Iraqi Kurds OK Abu Dhabi's Taqa plans to pump oil
- Article by: SINAN SALAHEDDIN
- Associated Press
- October 7, 2013 - 11:05 AM
BAGHDAD — Iraq's northern self-ruled Kurdish region has given the green light to a consortium led by a United Arab Emirates state-run energy investment company to pump oil, a statement said Monday, in a latest move shows the Kurds' determination to pursue ambitious oil plans despite central government objections.
Ethnic Kurds and the Arab-led government in Baghdad have been in a long-running dispute over rights to develop natural resources, with each side relying on a different interpretation of the constitution. Baghdad says it is the sole authority to negotiate and award deals, while Kurds argue that the constitution allows them to do so without going through the Federal Oil Ministry.
In its statement, Abu Dhabi National Energy Co., known as Taqa, said it plans to spend more than $300 million in the first phase of a plan to pump about 30,000 barrels a day from the Atrush block by early 2015. The statement added that the second phase, yet to be approved, is expected to add another 30,000 barrels a day.
TAQA and its partners are also evaluating the feasibility of producing associated gas, a by-product of producing oil, for delivery to the domestic market.
The deal, which was signed in 2012, is one of scores the Kurds have signed unilaterally since the 2003 U.S.-led invasion that toppled Saddam Hussein and paved the way for broader Kurdish autonomy.
Taqa, which is majority owned by the oil-rich government of Abu Dhabi though more than a quarter of its shares are available to the public, holds 39.9 percent of the consortium.

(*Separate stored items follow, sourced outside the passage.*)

lemma merges_labelled_split:
  assumes "merges_labelled V ends s c u"
  shows "merges_labelled V ends s c t \<or> merges_labelled V ends t (push_label V ends s c t) u"
proof -
  let ?Cs = "comp_of V ends s" and ?Ct = "comp_of V ends t" and ?Cu = "comp_of V ends u"
  obtain v w where vw: "v \<in> V" "w \<in> V" "?Cu v = ?Cu w" "?Cs v \<noteq> ?Cs w" "c (?Cs v)" "c (?Cs w)"
    using assms unfolding merges_labelled_def by blast
  show ?thesis
  proof (cases "?Ct v = ?Ct w")
    case True
    then show ?thesis using vw unfolding merges_labelled_def by blast
  next
    case False
    have "push_label V ends s c t (?Ct v)" "push_label V ends s c t (?Ct w)"
      using vw(5,6) in_comp_of_self[OF vw(1)] in_comp_of_self[OF vw(2)]
      unfolding push_label_comp_of[OF vw(1)] push_label_comp_of[OF vw(2)] by blast+
    then show ?thesis using vw False unfolding merges_labelled_def by blast
  qed
qed

lemma merges_labelled_mono:
  assumes "t \<subseteq> u" "merges_labelled V ends s c t"
  shows "merges_labelled V ends s c u"
proof -
  let ?Cs = "comp_of V ends s" and ?Ct = "comp_of V ends t" and ?Cu = "comp_of V ends u"
  obtain v w where vw: "v \<in> V" "w \<in> V" "?Ct v = ?Ct w" "?Cs v \<noteq> ?Cs w" "c (?Cs v)" "c (?Cs w)"
    using assms(2) unfolding merges_labelled_def by blast
  moreover have "?Cu v = ?Cu w"
    by (rule comp_of_coarsen[OF assms(1) vw(2,3)])
  ultimately show ?thesis unfolding merges_labelled_def by blast
qed

lemma merges_labelled_push_label:
  assumes "s \<subseteq> t" "t \<subseteq> u" "merges_labelled V ends t (push_label V ends s c t) u"
  shows "merges_labelled V ends s c u"
proof -
  let ?Cs = "comp_of V ends s" and ?Ct = "comp_of V ends t" and ?Cu = "comp_of V ends u"
  obtain v w where vw: "v \<in> V" "w \<in> V" "?Cu v = ?Cu w" "?Ct v \<noteq> ?Ct w"
    "push_label V ends s c t (?Ct v)" "push_label V ends s c t (?Ct w)"
    using assms(3) unfolding merges_labelled_def by blast
  then obtain x y where x: "x \<in> ?Ct v" "c (?Cs x)" and y: "y \<in> ?Ct w" "c (?Cs y)"
    by (auto simp: push_label_comp_of)
  have xV: "x \<in> V" and yV: "y \<in> V"
    using x(1) y(1) comp_of_subset[of V ends t] by blast+
  have "?Cu x = ?Cu y"
    using comp_of_superset_eq[OF assms(2) x(1)] comp_of_superset_eq[OF assms(2) y(1)] vw(3) by simp
  moreover have "?Cs x \<noteq> ?Cs y"
  proof
    assume "?Cs x = ?Cs y"
    then have "?Ct x = ?Ct y" by (rule comp_of_coarsen[OF assms(1) yV])
    then show False using comp_of_eq[OF x(1)] comp_of_eq[OF y(1)] vw(4) by simp
  qed
  ultimately show ?thesis using xV yV x(2) y(2) unfolding merges_labelled_def by blast
qed

lemma merges_labelled_trans:
  assumes "s \<subseteq> t" "t \<subseteq> u"
  shows "merges_labelled V ends s c u \<longleftrightarrow>
    merges_labelled V ends s c t \<or> merges_labelled V ends t (push_label V ends s c t) u"
  using assms merges_labelled_split merges_labelled_mono merges_labelled_push_label by metis

lemma merge_two_edges:
  assumes "fst (ends e) \<in> V" "snd (ends e) \<in> V" "fst (ends f) \<in> V" "snd (ends f) \<in> V"
  shows "killed V ends s c e \<or> killed V ends (insert e s) (merged_label V ends s c e) f
      \<longleftrightarrow> merges_labelled V ends s c (insert f (insert e s))"
    and "merged_label V ends (insert e s) (merged_label V ends s c e) f
      = push_label V ends s c (insert f (insert e s))"
  using assms merges_labelled_trans[of s "insert e s" "insert f (insert e s)" V ends c]
    push_label_trans[of s "insert e s" "insert f (insert e s)" V ends c]
  by (auto simp: killed_iff_merges_labelled merged_label_eq_push_label)

lemma finite_enh_states:
  assumes "finite V" "finite E"
  shows "finite (enh_states V E ends)"
proof -
  have "enh_states V E ends \<subseteq> Pow E \<times> (\<lambda>A K. K \<in> A) ` Pow (Pow V)"
  proof
    fix S
    assume S: "S \<in> enh_states V E ends"
    obtain s c where Sd: "S = (s, c)" by (cases S)
    have "{K. c K} \<subseteq> Pow V"
      using S comps_subset unfolding Sd enh_states_def by blast
    moreover have "c = (\<lambda>K. K \<in> {K. c K})" by simp
    ultimately have "c \<in> (\<lambda>A K. K \<in> A) ` Pow (Pow V)" by blast
    then show "S \<in> Pow E \<times> (\<lambda>A K. K \<in> A) ` Pow (Pow V)"
      using S unfolding Sd enh_states_def by simp
  qed
  then show ?thesis
    using assms by (simp add: finite_subset)
qed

ShaMaran Petroleum Corp., a Kurdish oil company, has 20.1 percent, the U.S. Marathon Oil Corp. has a 15 percent share and Kurdistan has the remaining 25 percent.
Kurdish officials claim their region holds 45 billion barrels, though that figure cannot be confirmed independently. They plan to produce one million barrels per day by 2015 and two million barrels per day in 2019.